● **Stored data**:
● ● ● ●

lemma red_scoped: "red \<Delta> M N \<Longrightarrow> lctx_ok \<Delta> \<Longrightarrow> scoped k M \<Longrightarrow> scoped k N"
proof (induction arbitrary: k rule: red.induct)
  case (beta l As A L B \<Delta> Ms N)
  have "scoped (Suc (length Ms)) L" using beta by (auto simp: lctx_ok_def)
  moreover have "scoped k (inst (Ms @ [N]) j)" if "j < Suc (length Ms)" for j
  proof -
    have "inst (Ms @ [N]) j \<in> set (Ms @ [N])"
      using that nth_mem[of j "rev (Ms @ [N])"] by (simp add: inst_nth)
    with beta.prems(2) show ?thesis by auto
  qed
  ultimately show ?case by (rule scoped_subst)
next
  case (lab j Ms \<Delta> M' l)
  then have "scoped k M'" by (simp add: nth_mem)
  with lab.prems(2) show ?case by (auto dest!: set_update_subset_insert[THEN subsetD])
qed auto

lemma reds_scoped: "reds \<Delta> M N \<Longrightarrow> lctx_ok \<Delta> \<Longrightarrow> scoped k M \<Longrightarrow> scoped k N"
  by (induction rule: reds_induct) (auto intro: red_scoped)

section \<open>Confluence\<close>

inductive par :: "lctx \<Rightarrow> trm \<Rightarrow> trm \<Rightarrow> bool" for \<Delta> where
  par_Var: "par \<Delta> (Var i) (Var i)"
| par_U: "par \<Delta> (U i) (U i)"
| par_Pi: "par \<Delta> A A' \<Longrightarrow> par \<Delta> B B' \<Longrightarrow> par \<Delta> (Pi A B) (Pi A' B')"
| par_App: "par \<Delta> M M' \<Longrightarrow> par \<Delta> N N' \<Longrightarrow> par \<Delta> (App M N) (App M' N')"
| par_Lab: "list_all2 (par \<Delta>) Ms Ms' \<Longrightarrow> par \<Delta> (Lab l Ms) (Lab l Ms')"
| par_beta: "(l, As, A, L, B) \<in> set \<Delta> \<Longrightarrow> length Ms = length As \<Longrightarrow> list_all2 (par \<Delta>) Ms Ms' \<Longrightarrow>
    par \<Delta> N N' \<Longrightarrow> par \<Delta> (App (Lab l Ms) N) (subst (inst (Ms' @ [N'])) L)"

lemma par_refl: "par \<Delta> M M"
proof (induction M)
  case (Lab l Ms)
  then have "list_all2 (par \<Delta>) Ms Ms" by (simp add: list.rel_refl_strong)
  then show ?case by (rule par_Lab)
qed (auto intro: par.intros)

lemma par_Lab_inv: "par \<Delta> (Lab l Ms) X \<Longrightarrow> \<exists>Ms'. X = Lab l Ms' \<and> list_all2 (par \<Delta>) Ms Ms'"
  by (cases rule: par.cases) auto

lemma red_par: "red \<Delta> M N \<Longrightarrow> par \<Delta> M N"
proof (induction rule: red.induct)
  case (beta l As A L B \<Delta> Ms N)
  then show ?case by (intro par_beta) (auto simp: par_refl list.rel_refl)
next
  case (lab k Ms \<Delta> M' l)
  then have "list_all2 (par \<Delta>) Ms (Ms[k := M'])"
    by (auto simp: list_all2_conv_all_nth nth_list_update par_refl)
  then show ?case by (rule par_Lab)
qed (auto intro: par.intros par_refl)

lemma par_reds: "par \<Delta> M N \<Longrightarrow> reds \<Delta> M N"
proof (induction rule: par.induct)
  case (par_Lab Ms Ms' l)
  then show ?case by (simp add: reds_Lab list_all2_conv_all_nth)
next
  case (par_beta l As A L B Ms Ms' N N')
  then have "reds \<Delta> (App (Lab l Ms) N) (App (Lab l Ms') N')"
    by (simp add: reds_App reds_Lab list_all2_conv_all_nth)
  moreover have "red \<Delta> (App (Lab l Ms') N') (subst (inst (Ms' @ [N'])) L)"
    using par_beta by (intro red.beta[of l As A L B]) (auto dest: list_all2_lengthD)
  ultimately show ?case by (rule reds_step)
qed (simp_all add: reds_Pi reds_App)

lemma reds_eq_par: "reds \<Delta> = (par \<Delta>)\<^sup>*\<^sup>*"
proof (intro ext iffI)
  fix M N assume "reds \<Delta> M N"
  then show "(par \<Delta>)\<^sup>*\<^sup>* M N"
    by (induction rule: reds_induct) (auto intro: red_par rtranclp.rtrancl_into_rtrancl)
next
  fix M N assume "(par \<Delta>)\<^sup>*\<^sup>* M N"
  then show "reds \<Delta> M N"
    by (induction rule: rtranclp_induct) (auto intro: par_reds reds_trans)
qed

lemma par_ren: "par \<Delta> M M' \<Longrightarrow> lctx_ok \<Delta> \<Longrightarrow> par \<Delta> (ren f M) (ren f M')"
proof (induction arbitrary: f rule: par.induct)
  case (par_Lab Ms Ms' l)
  then have "list_all2 (par \<Delta>) (map (ren f) Ms) (map (ren f) Ms')"
    by (auto simp: list_all2_conv_all_nth)
  then show ?case by (simp add: par.par_Lab)
next
  case (par_beta l As A L B Ms Ms' N N')
  then have "scoped (Suc (length Ms')) L" by (auto simp: lctx_ok_def dest!: list_all2_lengthD)
  then have "ren f (subst (inst (Ms' @ [N'])) L) = subst (inst (map (ren f) Ms' @ [ren f N'])) L"
    by (simp add: ren_eq_subst subst_beta)
  moreover have "list_all2 (par \<Delta>) (map (ren f) Ms) (map (ren f) Ms')"
    using par_beta by (auto simp: list_all2_conv_all_nth)
  ultimately show ?case
    using par_beta by (auto intro: par.par_beta)
qed (auto intro: par.intros)

lemma par_subst:
  "par \<Delta> M M' \<Longrightarrow> lctx_ok \<Delta> \<Longrightarrow> (\<And>j. par \<Delta> (\<sigma> j) (\<sigma>' j)) \<Longrightarrow>
   par \<Delta> (subst \<sigma> M) (subst \<sigma>' M')"
proof (induction arbitrary: \<sigma> \<sigma>' rule: par.induct)
  case (par_Pi A A' B B')
  have "par \<Delta> (up \<sigma> j) (up \<sigma>' j)" for j
    using par_Pi.prems by (cases j) (auto simp: lift_def intro: par_Var par_ren)
  with par_Pi show ?case by (auto intro: par.par_Pi)
next
  case (par_Lab Ms Ms' l)
  then have "list_all2 (par \<Delta>) (map (subst \<sigma>) Ms) (map (subst \<sigma>') Ms')"
    by (auto simp: list_all2_conv_all_nth)
  then show ?case by (simp add: par.par_Lab)
next
  case (par_beta l As A L B Ms Ms' N N')
  then have "scoped (Suc (length Ms')) L" by (auto simp: lctx_ok_def dest!: list_all2_lengthD)
  then have "subst \<sigma>' (subst (inst (Ms' @ [N'])) L)
      = subst (inst (map (subst \<sigma>') Ms' @ [subst \<sigma>' N'])) L"
    by (rule subst_beta)
  moreover have "list_all2 (par \<Delta>) (map (subst \<sigma>) Ms) (map (subst \<sigma>') Ms')"
    using par_beta by (auto simp: list_all2_conv_all_nth)
  ultimately show ?case
    using par_beta by (auto intro: par.par_beta)
qed (auto intro: par.intros)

● ● ● ●

Output all the lines above, matching them word for word.

● **RESULT OF THE TASK**:
lemma red_scoped: "red \<Delta> M N \<Longrightarrow> lctx_ok \<Delta> \<Longrightarrow> scoped k M \<Longrightarrow> scoped k N"
proof (induction arbitrary: k rule: red.induct)
  case (beta l As A L B \<Delta> Ms N)
  have "scoped (Suc (length Ms)) L" using beta by (auto simp: lctx_ok_def)
  moreover have "scoped k (inst (Ms @ [N]) j)" if "j < Suc (length Ms)" for j
  proof -
    have "inst (Ms @ [N]) j \<in> set (Ms @ [N])"
      using that nth_mem[of j "rev (Ms @ [N])"] by (simp add: inst_nth)
    with beta.prems(2) show ?thesis by auto
  qed
  ultimately show ?case by (rule scoped_subst)
next
  case (lab j Ms \<Delta> M' l)
  then have "scoped k M'" by (simp add: nth_mem)
  with lab.prems(2) show ?case by (auto dest!: set_update_subset_insert[THEN subsetD])
qed auto

lemma reds_scoped: "reds \<Delta> M N \<Longrightarrow> lctx_ok \<Delta> \<Longrightarrow> scoped k M \<Longrightarrow> scoped k N"
  by (induction rule: reds_induct) (auto intro: red_scoped)

section \<open>Confluence\<close>

inductive par :: "lctx \<Rightarrow> trm \<Rightarrow> trm \<Rightarrow> bool" for \<Delta> where
  par_Var: "par \<Delta> (Var i) (Var i)"
| par_U: "par \<Delta> (U i) (U i)"
| par_Pi: "par \<Delta> A A' \<Longrightarrow> par \<Delta> B B' \<Longrightarrow> par \<Delta> (Pi A B) (Pi A' B')"
| par_App: "par \<Delta> M M' \<Longrightarrow> par \<Delta> N N' \<Longrightarrow> par \<Delta> (App M N) (App M' N')"
| par_Lab: "list_all2 (par \<Delta>) Ms Ms' \<Longrightarrow> par \<Delta> (Lab l Ms) (Lab l Ms')"
| par_beta: "(l, As, A, L, B) \<in> set \<Delta> \<Longrightarrow> length Ms = length As \<Longrightarrow> list_all2 (par \<Delta>) Ms Ms' \<Longrightarrow>
    par \<Delta> N N' \<Longrightarrow> par \<Delta> (App (Lab l Ms) N) (subst (inst (Ms' @ [N'])) L)"

lemma par_refl: "par \<Delta> M M"
proof (induction M)
  case (Lab l Ms)
  then have "list_all2 (par \<Delta>) Ms Ms" by (simp add: list.rel_refl_strong)
  then show ?case by (rule par_Lab)
qed (auto intro: par.intros)

lemma par_Lab_inv: "par \<Delta> (Lab l Ms) X \<Longrightarrow> \<exists>Ms'. X = Lab l Ms' \<and> list_all2 (par \<Delta>) Ms Ms'"
  by (cases rule: par.cases) auto

lemma red_par: "red \<Delta> M N \<Longrightarrow> par \<Delta> M N"
proof (induction rule: red.induct)
  case (beta l As A L B \<Delta> Ms N)
  then show ?case by (intro par_beta) (auto simp: par_refl list.rel_refl)
next
  case (lab k Ms \<Delta> M' l)
  then have "list_all2 (par \<Delta>) Ms (Ms[k := M'])"
    by (auto simp: list_all2_conv_all_nth nth_list_update par_refl)
  then show ?case by (rule par_Lab)
qed (auto intro: par.intros par_refl)

lemma par_reds: "par \<Delta> M N \<Longrightarrow> reds \<Delta> M N"
proof (induction rule: par.induct)
  case (par_Lab Ms Ms' l)
  then show ?case by (simp add: reds_Lab list_all2_conv_all_nth)
next
  case (par_beta l As A L B Ms Ms' N N')
  then have "reds \<Delta> (App (Lab l Ms) N) (App (Lab l Ms') N')"
    by (simp add: reds_App reds_Lab list_all2_conv_all_nth)
  moreover have "red \<Delta> (App (Lab l Ms') N') (subst (inst (Ms' @ [N'])) L)"
    using par_beta by (intro red.beta[of l As A L B]) (auto dest: list_all2_lengthD)
  ultimately show ?case by (rule reds_step)
qed (simp_all add: reds_Pi reds_App)

lemma reds_eq_par: "reds \<Delta> = (par \<Delta>)\<^sup>*\<^sup>*"
proof (intro ext iffI)
  fix M N assume "reds \<Delta> M N"
  then show "(par \<Delta>)\<^sup>*\<^sup>* M N"
    by (induction rule: reds_induct) (auto intro: red_par rtranclp.rtrancl_into_rtrancl)
next
  fix M N assume "(par \<Delta>)\<^sup>*\<^sup>* M N"
  then show "reds \<Delta> M N"
    by (induction rule: rtranclp_induct) (auto intro: par_reds reds_trans)
qed

lemma par_ren: "par \<Delta> M M' \<Longrightarrow> lctx_ok \<Delta> \<Longrightarrow> par \<Delta> (ren f M) (ren f M')"
proof (induction arbitrary: f rule: par.induct)
  case (par_Lab Ms Ms' l)
  then have "list_all2 (par \<Delta>) (map (ren f) Ms) (map (ren f) Ms')"
    by (auto simp: list_all2_conv_all_nth)
  then show ?case by (simp add: par.par_Lab)
next
  case (par_beta l As A L B Ms Ms' N N')
  then have "scoped (Suc (length Ms')) L" by (auto simp: lctx_ok_def dest!: list_all2_lengthD)
  then have "ren f (subst (inst (Ms' @ [N'])) L) = subst (inst (map (ren f) Ms' @ [ren f N'])) L"
    by (simp add: ren_eq_subst subst_beta)
  moreover have "list_all2 (par \<Delta>) (map (ren f) Ms) (map (ren f) Ms')"
    using par_beta by (auto simp: list_all2_conv_all_nth)
  ultimately show ?case
    using par_beta by (auto intro: par.par_beta)
qed (auto intro: par.intros)

lemma par_subst:
  "par \<Delta> M M' \<Longrightarrow> lctx_ok \<Delta> \<Longrightarrow> (\<And>j. par \<Delta> (\<sigma> j) (\<sigma>' j)) \<Longrightarrow>
   par \<Delta> (subst \<sigma> M) (subst \<sigma>' M')"
proof (induction arbitrary: \<sigma> \<sigma>' rule: par.induct)
  case (par_Pi A A' B B')
  have "par \<Delta> (up \<sigma> j) (up \<sigma>' j)" for j
    using par_Pi.prems by (cases j) (auto simp: lift_def intro: par_Var par_ren)
  with par_Pi show ?case by (auto intro: par.par_Pi)
next
  case (par_Lab Ms Ms' l)
  then have "list_all2 (par \<Delta>) (map (subst \<sigma>) Ms) (map (subst \<sigma>') Ms')"
    by (auto simp: list_all2_conv_all_nth)
  then show ?case by (simp add: par.par_Lab)
next
  case (par_beta l As A L B Ms Ms' N N')
  then have "scoped (Suc (length Ms')) L" by (auto simp: lctx_ok_def dest!: list_all2_lengthD)
  then have "subst \<sigma>' (subst (inst (Ms' @ [N'])) L)
      = subst (inst (map (subst \<sigma>') Ms' @ [subst \<sigma>' N'])) L"
    by (rule subst_beta)
  moreover have "list_all2 (par \<Delta>) (map (subst \<sigma>) Ms) (map (subst \<sigma>') Ms')"
    using par_beta by (auto simp: list_all2_conv_all_nth)
  ultimately show ?case
    using par_beta by (auto intro: par.par_beta)
qed (auto intro: par.intros)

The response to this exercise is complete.